inductive nwc_step :: "(nat \<times> 'k::comm_monoid_add) list \<times> (nat \<times> 'k) list
    \<Rightarrow> (nat \<times> 'k) list \<times> (nat \<times> 'k) list \<Rightarrow> bool"
where
  "nzf rs = (i, v) # B2 \<Longrightarrow> nzf cs = (j, w) # C2 \<Longrightarrow> B2 \<noteq> [] \<Longrightarrow> C2 \<noteq> [] \<Longrightarrow>
     v = w \<Longrightarrow> nwc_step (rs, cs) (B2, C2)"
| "nzf rs = (i, v) # B2 \<Longrightarrow> nzf cs = (j, w) # C2 \<Longrightarrow> B2 \<noteq> [] \<Longrightarrow> C2 \<noteq> [] \<Longrightarrow>
     v \<noteq> w \<Longrightarrow> v + a = w \<Longrightarrow> nwc_step (rs, cs) (B2, (j, a) # C2)"
| "nzf rs = (i, v) # B2 \<Longrightarrow> nzf cs = (j, w) # C2 \<Longrightarrow> B2 \<noteq> [] \<Longrightarrow> C2 \<noteq> [] \<Longrightarrow>
     v \<noteq> w \<Longrightarrow> \<not> kle v w \<Longrightarrow> w + a = v \<Longrightarrow> nwc_step (rs, cs) ((i, a) # B2, C2)"

definition nwc_stuck :: "(nat \<times> 'k::comm_monoid_add) list \<times> (nat \<times> 'k) list \<Rightarrow> bool" where
  "nwc_stuck s = (let B = nzf (fst s); C = nzf (snd s) in
     \<not> (B = [] \<and> C = []) \<and> length B \<noteq> 1 \<and> length C \<noteq> 1 \<and>
     \<not> (B \<noteq> [] \<and> C \<noteq> [] \<and> (snd (hd B) = snd (hd C) \<or> kle (snd (hd B)) (snd (hd C))
                                \<or> kle (snd (hd C)) (snd (hd B)))))"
# # # # # # #
= EXERCISE REQUIREMENTS =
Output exactly the lines from the one holding "B)) (snd (hd C))" to the end of the material above, with both ends included.

= ANSWER AREA =
     \<not> (B \<noteq> [] \<and> C \<noteq> [] \<and> (snd (hd B) = snd (hd C) \<or> kle (snd (hd B)) (snd (hd C))
                                \<or> kle (snd (hd C)) (snd (hd B)))))"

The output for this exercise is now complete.